To explain these layers, consider a simple currency converter like the one shown in Figure 1-1. You’ll find the currency_converter.xlsx Excel file in the xl folder of the companion repository.

This is how the application works: type in the Amount and Currency into cells A4 and B4, respectively, and Excel will convert this into US dollars in cell D4. Many spreadsheet applications follow such a design and are used by businesses every day. Let me break the application down into its layers:

Presentation layer

This is what you see and interact with, i.e., the user interface: the values of cells A4, B4, and D4 together with their labels build the presentation layer of the currency converter.

Business layer

This layer takes care of the application-specific logic: cell D4 defines how the amount is converted into USD. The formula =A4 * VLOOKUP(B4, F4:G11, 2, FALSE) translates to Amount times Exchange rate.

Data layer

As the name suggests, this layer takes care of accessing the data: the VLOOKUP part of cell D4 is doing this job.

The data layer accesses the data from the exchange rates table that starts in cell F3 and that acts as the database of this little application. If you paid close attention, you probably noticed that cell D4 appears in all three layers: this simple application mixes the presentation, business, and data layers in a single cell.

pyfe 0101
Figure 1-1. currency_converter.xlsx

This isn’t necessarily an issue for this simple currency converter, but often, what starts off as a small Excel file turns soon enough into a much bigger application. How can this situation be improved? Most professional Excel developer resources advise you to use a separate sheet for each layer, in Excel’s terminology usually called inputs, calculations, and outputs. Often, this is combined with defining a certain color code for each layer, e.g., a blue background for all input cells. In Chapter 11, we will build a real application based on these layers: Excel will be the presentation layer, while the business and data layers are moved to Python, where it’s much easier to structure your code properly.

Now that you know what separation of concerns means, let’s find out what the DRY principle is!

DRY principle

The Pragmatic Programmer by Hunt and Thomas (Pearson Education) popularized the DRY principle: don’t repeat yourself. No duplicated code means fewer lines of code and fewer errors, which makes the code easier to maintain. If your business logic sits in your cell formulas, it’s practically impossible to apply the DRY principle, as there is no mechanism that allows you to reuse it in another workbook. This, unfortunately, means that a common way to start a new Excel project is to copy the workbook from the previous project or from a template.

If you write VBA, the most common piece of reusable code is a function. A function gives you access to the same code block from multiple macros, for example. If you have multiple functions that you use all the time, you might want to share them between workbooks. The standard instrument to share VBA code across workbooks is add-ins, but VBA add-ins lack a robust way of distributing and updating them. While Microsoft has introduced an Excel internal add-in store to solve that issue, this only works with JavaScript-based add-ins, so it’s not an option for VBA coders. This means that it is still very common to use the copy/paste approach with VBA: let’s assume that you need a cubic spline function in Excel. The cubic spline function is a way to interpolate a curve based on a few given points in a coordinate system and is often used by fixed income traders to derive an interest rate curve for all maturities based on a few known maturity/interest rate combinations. If you search for “Cubic Spline Excel” on the internet, it won’t take too long until you have a page of VBA code that does what you want. The issue with this is that most commonly, these functions were written by a single person with probably good intentions but without formal documentation or testing. Maybe they work for the majority of inputs, but what about some uncommon edge cases? If you are trading a multimillion fixed-income portfolio, you want to have something you know you can trust. At least, that is what you will hear from your internal auditors when they find out where the code is coming from.

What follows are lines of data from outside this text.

lemma nn_B_norm_outside_cball_le:
  fixes g :: "'a::euclidean_space \<Rightarrow> ennreal"
  shows "nn_B_norm (\<lambda>x. g x * indicator (- cball 0 (2 ^ J)) x) \<le>
    (\<Sum>j. ennreal (sqrt 2 ^ j) * nn_L2_norm_on g (dyadic_shell j) * indicator {Suc J..} j)"
  unfolding nn_B_norm_def
proof (intro suminf_le)
  fix j
  show "ennreal (sqrt 2 ^ j) * nn_L2_norm_on (\<lambda>x. g x * indicator (- cball 0 (2 ^ J)) x) (dyadic_shell j)
      \<le> ennreal (sqrt 2 ^ j) * nn_L2_norm_on g (dyadic_shell j) * indicator {Suc J..} j"
  proof (cases "J < j")
    case True
    then show ?thesis
      by (auto intro!: mult_left_mono nn_L2_norm_on_mono simp: indicator_def)
  next
    case False
    then have "(2::real) ^ j \<le> 2 ^ J"
      by (intro power_increasing) auto
    then have "x \<in> cball 0 (2 ^ J)" if "x \<in> dyadic_shell j" for x :: 'a
      unfolding mem_cball_0 using dyadic_shell_norm_le[OF that] by linarith
    then have "nn_L2_norm_on (\<lambda>x. g x * indicator (- cball 0 (2 ^ J)) x) (dyadic_shell j) = 0"
      by (intro nn_L2_norm_on_eq_0) (simp add: indicator_def)
    then show ?thesis
      by simp
  qed
qed auto

lemma B_norm_add_le:
  assumes "f \<in> borel_measurable borel" "g \<in> borel_measurable borel"
  shows "B_norm (\<lambda>x. f x + g x) \<le> B_norm f + B_norm g"
proof -
  have "B_norm (\<lambda>x. f x + g x) \<le> nn_B_norm (\<lambda>x. ennreal \<bar>f x\<bar> + ennreal \<bar>g x\<bar>)"
    unfolding B_norm_eq_nn_B_norm
    by (intro nn_B_norm_mono) (simp add: ennreal_leI abs_triangle_ineq flip: ennreal_plus)
  also have "\<dots> \<le> B_norm f + B_norm g"
    unfolding B_norm_eq_nn_B_norm using assms by (intro nn_B_norm_add) auto
  finally show ?thesis .
qed

lemma B_norm_outside_cball_tendsto_0:
  fixes f :: "'a::euclidean_space \<Rightarrow> real"
  assumes "B_norm f < \<infinity>"
  shows "(\<lambda>J. B_norm (\<lambda>x. f x * indicator (- cball 0 (2 ^ J)) x)) \<longlonglongrightarrow> 0"
proof -
  define a where "a j = ennreal (sqrt 2 ^ j) * nn_L2_norm_on (\<lambda>x. ennreal \<bar>f x\<bar>) (dyadic_shell j)" for j
  have "(\<lambda>J. \<Sum>j. a j * indicator {J..} j) \<longlonglongrightarrow> 0"
    using assms unfolding B_norm_eq_nn_B_norm nn_B_norm_def a_def by (intro ennreal_suminf_tail_tendsto_0) simp
  then have lim: "(\<lambda>J. \<Sum>j. a j * indicator {Suc J..} j) \<longlonglongrightarrow> 0"
    by (rule LIMSEQ_Suc)
  have bound: "B_norm (\<lambda>x. f x * indicator (- cball 0 (2 ^ J)) x) \<le> (\<Sum>j. a j * indicator {Suc J..} j)" for J
    unfolding B_norm_eq_nn_B_norm a_def abs_mult
    by (simp add: ennreal_mult ennreal_indicator nn_B_norm_outside_cball_le)
  show ?thesis
    by (rule tendsto_sandwich[OF _ _ tendsto_const lim]) (auto intro: always_eventually bound)
qed

lemma nn_L2_norm_inside_cball_less_top:
  fixes f :: "'a::euclidean_space \<Rightarrow> real"
  assumes "f \<in> borel_measurable borel" "B_norm f < \<infinity>"
  shows "nn_L2_norm_on (\<lambda>x. ennreal \<bar>f x * indicator (cball 0 (2 ^ J)) x\<bar>) UNIV < \<infinity>"
proof -
  have "nn_L2_norm_on (\<lambda>x. ennreal \<bar>f x * indicator (cball 0 (2 ^ J)) x\<bar>) UNIV =
      nn_L2_norm_on (\<lambda>x. ennreal \<bar>f x\<bar>) (cball 0 (2 ^ J))"
    unfolding nn_L2_norm_on_def by (intro arg_cong[where f = esqrt] nn_integral_cong) (simp add: indicator_def)
  also have "\<dots> \<le> (\<Sum>k\<le>J. nn_L2_norm_on (\<lambda>x. ennreal \<bar>f x\<bar>) (dyadic_shell k))"
    using assms(1) by (intro nn_L2_norm_on_cball_le) simp
  also have "\<dots> < \<infinity>"
    using sum_dyadic_shells_le_nn_B_norm assms(2) unfolding B_norm_eq_nn_B_norm by (rule le_less_trans)
  finally show ?thesis .
qed

lemma B_norm_translate_diff_le_of_support:
  fixes F :: "'a::euclidean_space \<Rightarrow> real"
  assumes "\<And>x. 2 ^ J < norm x \<Longrightarrow> F x = 0" and "norm h < 1"
  shows "B_norm (\<lambda>x. F (x + h) - F x) \<le>
    ennreal (\<Sum>j\<le>Suc J. sqrt 2 ^ j) * nn_L2_norm_on (\<lambda>x. ennreal \<bar>F (x + h) - F x\<bar>) UNIV"
  unfolding B_norm_eq_nn_B_norm
proof (rule nn_B_norm_le_of_support)
  fix x :: 'a
  assume "2 ^ Suc J < norm x"
  moreover have "norm x - 1 < norm (x + h)"
    using norm_triangle_ineq2[of x "- h"] assms(2) by simp
  moreover have "(1::real) \<le> 2 ^ J" "(2::real) ^ Suc J = 2 * 2 ^ J"
    by simp_all
  ultimately have "2 ^ J < norm x" "2 ^ J < norm (x + h)"
    by linarith+
  then show "ennreal \<bar>F (x + h) - F x\<bar> = 0"
    by (simp add: assms(1))
qed

lemma B_norm_translate_diff_tendsto_0:
  fixes f :: "'a::euclidean_space \<Rightarrow> real"
  assumes [measurable]: "f \<in> borel_measurable borel" and fin: "B_norm f < \<infinity>"
  shows "((\<lambda>h. B_norm (\<lambda>x. f (x + h) - f x)) \<longlongrightarrow> 0) (at 0)"
proof (rule tendsto_zero_ennreal)
  fix r :: real
  assume "0 < r"
  have "eventually (\<lambda>J. B_norm (\<lambda>x. f x * indicator (- cball 0 (2 ^ J)) x) < ennreal (r / 80)) sequentially"
    using \<open>0 < r\<close> by (intro order_tendstoD(2)[OF B_norm_outside_cball_tendsto_0[OF fin]]) simp
  then obtain J where G_small: "B_norm (\<lambda>x. f x * indicator (- cball 0 (2 ^ J)) x) < ennreal (r / 80)"
    using eventually_happens'[OF sequentially_bot] by blast
  define F where "F x = f x * indicator (cball 0 (2 ^ J)) x" for x
  define G where "G x = f x * indicator (- cball 0 (2 ^ J)) x" for x
  define C where "C = (\<Sum>j\<le>Suc J. sqrt 2 ^ j)"
  have [measurable]: "cball (0::'a) (2 ^ J) \<in> sets borel"
    by simp
  have [measurable]: "F \<in> borel_measurable borel" "G \<in> borel_measurable borel"
    unfolding F_def G_def by measurable
  have "C > 0"
    unfolding C_def by (intro sum_pos) auto
  have "((\<lambda>h. nn_L2_norm_on (\<lambda>x. ennreal \<bar>F (x + h) - F x\<bar>) UNIV) \<longlongrightarrow> 0) (at 0)"
    unfolding F_def using fin by (intro nn_L2_norm_translate_diff_tendsto_0 nn_L2_norm_inside_cball_less_top) auto
  then have "eventually (\<lambda>h. nn_L2_norm_on (\<lambda>x. ennreal \<bar>F (x + h) - F x\<bar>) UNIV < ennreal (r / (2 * C))) (at 0)"
    using \<open>0 < r\<close> \<open>0 < C\<close> by (intro order_tendstoD(2)) auto
  moreover have "eventually (\<lambda>h::'a. norm h < 1) (at 0)"
    by (auto simp: eventually_at intro!: exI[of _ 1])
  ultimately show "eventually (\<lambda>h. B_norm (\<lambda>x. f (x + h) - f x) < ennreal r) (at 0)"
  proof eventually_elim
    case (elim h)
    have "f x = F x + G x" for x
      by (simp add: F_def G_def indicator_def)
    then have "B_norm (\<lambda>x. f (x + h) - f x) = B_norm (\<lambda>x. (F (x + h) - F x) + (G (x + h) - G x))"
      by (simp add: algebra_simps)
    also have "\<dots> \<le> B_norm (\<lambda>x. F (x + h) - F x) + B_norm (\<lambda>x. G (x + h) - G x)"
      by (rule B_norm_add_le) auto
    also have "\<dots> \<le> ennreal (r / 2) + ennreal (38 * (r / 80))"
    proof (intro add_mono)
      have "B_norm (\<lambda>x. F (x + h) - F x) \<le> ennreal C * nn_L2_norm_on (\<lambda>x. ennreal \<bar>F (x + h) - F x\<bar>) UNIV"
        using elim(2) unfolding C_def by (intro B_norm_translate_diff_le_of_support) (simp_all add: F_def mem_cball_0)
      also have "\<dots> \<le> ennreal C * ennreal (r / (2 * C))"
        using elim(1) by (intro mult_left_mono) auto
      also have "\<dots> = ennreal (r / 2)"
        using \<open>0 < C\<close> \<open>0 < r\<close> by (simp add: ennreal_mult[symmetric])
      finally show "B_norm (\<lambda>x. F (x + h) - F x) \<le> ennreal (r / 2)" .
      have "B_norm (\<lambda>x. G (x + h) - G x) \<le> ennreal (22 + 16 * sqrt (norm h)) * B_norm G"
        by (rule B_norm_translate_diff_le) simp
      also have "\<dots> \<le> ennreal 38 * ennreal (r / 80)"
        using elim(2) G_small unfolding G_def by (intro mult_mono ennreal_leI) (auto intro: less_imp_le)
      also have "\<dots> = ennreal (38 * (r / 80))"
        using \<open>0 < r\<close> by (intro ennreal_mult[symmetric]) auto
      finally show "B_norm (\<lambda>x. G (x + h) - G x) \<le> ennreal (38 * (r / 80))" .
    qed
    also have "\<dots> < ennreal r"
      using \<open>0 < r\<close> by (simp add: ennreal_lessI flip: ennreal_plus)
    finally show ?case .
  qed
qed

Python makes it easy to distribute code by using a package manager, as we will see in the last section of this chapter. Before we get there, however, let’s continue with testing, one of the cornerstones of solid software development.

Testing

When you tell an Excel developer to test their workbooks, they will most likely perform a few random checks: click a button and see if the macro still does what it is supposed to do or change a few inputs and check if the output looks reasonable. This is, however, a risky strategy: Excel makes it easy to introduce errors that are hard to spot. For example, you can overwrite a formula with a hardcoded value. Or you forget to adjust a formula in a hidden column.

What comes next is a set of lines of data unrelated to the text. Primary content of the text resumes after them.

definition chat :: "nat \<Rightarrow> real vec \<Rightarrow> nat \<Rightarrow> real" where
  "chat n c i = c $ i / (\<Sum>j<n. c $ j)"

definition shat :: "nat \<Rightarrow> real vec \<Rightarrow> real vec \<Rightarrow> real" where
  "shat n c s = (\<Sum>i<n. chat n c i * s $ i)"

definition chi :: "nat \<Rightarrow> real mat \<Rightarrow> real vec \<Rightarrow> real vec \<Rightarrow> real" where
  "chi n W c s = (\<Sum>i<n. chat n c i * s $ i * (\<Sum>j<n. W $$ (i,j)))"

definition csum :: "nat \<Rightarrow> real vec \<Rightarrow> real" where
  "csum n c = (\<Sum>j<n. c $ j)"

(* The functions f, q, m, r, w of the paper; parameters:
   la = \<lambda>, be = \<beta>, ga = \<gamma>, sh = \<widehat>s, ch = \<chi>, C = c^T 1 *)
definition fss :: "real \<Rightarrow> real \<Rightarrow> real \<Rightarrow> real \<Rightarrow> real \<Rightarrow> real \<Rightarrow> real \<Rightarrow> real \<Rightarrow> real" where
  "fss la be ga sh ch C g h =
     ((1 - 2*be + (h - g)*ga) * sh - ch + (h + g)*be + (g^2 - h^2)*ga)
       / (1 - la + (g - h)*ga) * C"

definition qf :: "real \<Rightarrow> real \<Rightarrow> real \<Rightarrow> real \<Rightarrow> real \<Rightarrow> real \<Rightarrow> real \<Rightarrow> real" where
  "qf la be ga sh ch g h =
     (be + ga*sh - 2*ga*h) * (1 - la + ga*g)
     + ga * ((1 - 2*be - g*ga)*sh - ch + g*be + g^2*ga) + ga^2 * h^2"

definition mf :: "real \<Rightarrow> real \<Rightarrow> real \<Rightarrow> real \<Rightarrow> real \<Rightarrow> real \<Rightarrow> real \<Rightarrow> real" where
  "mf la be ga sh ch g h =
     (be - ga*sh + 2*ga*g) * (1 - la - h*ga) + g^2 * ga^2
     - ga * ((1 - 2*be + h*ga)*sh + h*be - h^2*ga - ch)"

definition rf :: "real \<Rightarrow> real \<Rightarrow> real \<Rightarrow> real \<Rightarrow> real \<Rightarrow> real \<Rightarrow> real" where
  "rf la be ga sh ch g =
     (1 - la)/ga + g
     - (1/ga) * sqrt ((1 - la)*(1 - la - be + 2*g*ga) - (2 - la - 2*be)*ga*sh
                      - 2*g*be*ga + ga*ch)"

definition wf :: "real \<Rightarrow> real \<Rightarrow> real \<Rightarrow> real \<Rightarrow> real \<Rightarrow> real \<Rightarrow> real" where
  "wf la be ga sh ch h =
     (1/ga) * sqrt ((1 - la)*(1 - la - 2*h*ga - be) + (2 - la - 2*be)*ga*sh
                    + 2*h*be*ga - ch*ga)
     - (1 - la)/ga + h"

definition nash_eq :: "(real \<Rightarrow> real \<Rightarrow> real) \<Rightarrow> real set \<Rightarrow> real set \<Rightarrow> real \<Rightarrow> real \<Rightarrow> bool" where
  "nash_eq F G H g h \<longleftrightarrow> g \<in> G \<and> h \<in> H \<and>
     (\<forall>g'\<in>G. F g h \<le> F g' h) \<and> (\<forall>h'\<in>H. F g h' \<le> F g h)"

end

theory Submission
  imports Defs
begin

text \<open>
  For fixed g the payoff F(g,h) = N(h)/D(h) C is a quadratic over a positive linear function,
  and F(g,h') - F(g,h) has the sign of (h' - h) q(g,h') + \<gamma> D(h') (h' - h)^2. Hence h' is a
  best reply of Hank as soon as (h' - h) q(g,h') \<ge> 0 for every feasible h: q \<ge> 0 at the right
  end point, q \<le> 0 at the left one, or q = 0 in between; symmetrically m governs Georgia's
  reply. The case split of the theorem produces points meeting both conditions, because
  m(0,\<cdot>) is smallest on [0,1] at h = 1 and q + m \<ge> 0 along h = 1; r(0) and w(1) are the roots of
  q(0,\<cdot>) and m(\<cdot>,1) obtained by completing the square.
\<close>

lemma add_sqrt_between:
  fixes p u v D :: real
  assumes "p \<le> u" "p \<le> v" "(u - p)^2 < D" "D < (v - p)^2"
  shows "u < p + sqrt D" "p + sqrt D < v"
proof -
  have "u - p < sqrt D"
    using assms(1,3) real_sqrt_less_mono[of "(u - p)^2" D] by simp
  then show "u < p + sqrt D" by simp
  have "sqrt D < v - p"
    using assms(2,4) real_sqrt_less_mono[of D "(v - p)^2"] by simp
  then show "p + sqrt D < v" by simp
qed

lemma diff_sqrt_between:
  fixes p u v D :: real
  assumes "u \<le> p" "v \<le> p" "(u - p)^2 < D" "D < (v - p)^2"
  shows "p - sqrt D < u" "v < p - sqrt D"
  using add_sqrt_between[of "-p" "-u" "-v" D] assms by (simp_all add: power2_commute)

When you tell a professional software developer to test their code, they will write unit tests. As the name suggests, it’s a mechanism to test individual components of your program. For example, unit tests make sure that a single function of a program works properly. Most programming languages offer a way to run unit tests automatically. Running automated tests will increase the reliability of your codebase dramatically and make reasonably sure that you won’t break anything that currently works when you edit your code.

If you look at the currency conversion tool in Figure 1-1, you could write a test that checks if the formula in cell D4 correctly returns USD 105 with the following inputs: 100 EUR as amount and 1.05 as the EURUSD exchange rate. Why does this help? Assume that you accidentally delete cell D4 with the conversion formula and have to rewrite it: instead of multiplying the amount with the exchange rate, you divide by it—after all, working with currencies can be confusing. When you run the above test, you will get a test failure as 100 EUR / 1.05 will not result in 105 USD anymore as the test expects. Like this, you can detect and fix the formula before you hand the spreadsheet over to your users.

Pretty much all traditional programming languages offer one or more test frameworks to write unit tests without much effort—but not Excel. Fortunately, the concept of unit tests is simple enough and by connecting Excel with Python, you get access to Python’s powerful unit testing frameworks. While a more in-depth presentation of unit tests is beyond the scope of this book, I invite you to have a look at my blog post, in which I walk you through the topic with practical examples.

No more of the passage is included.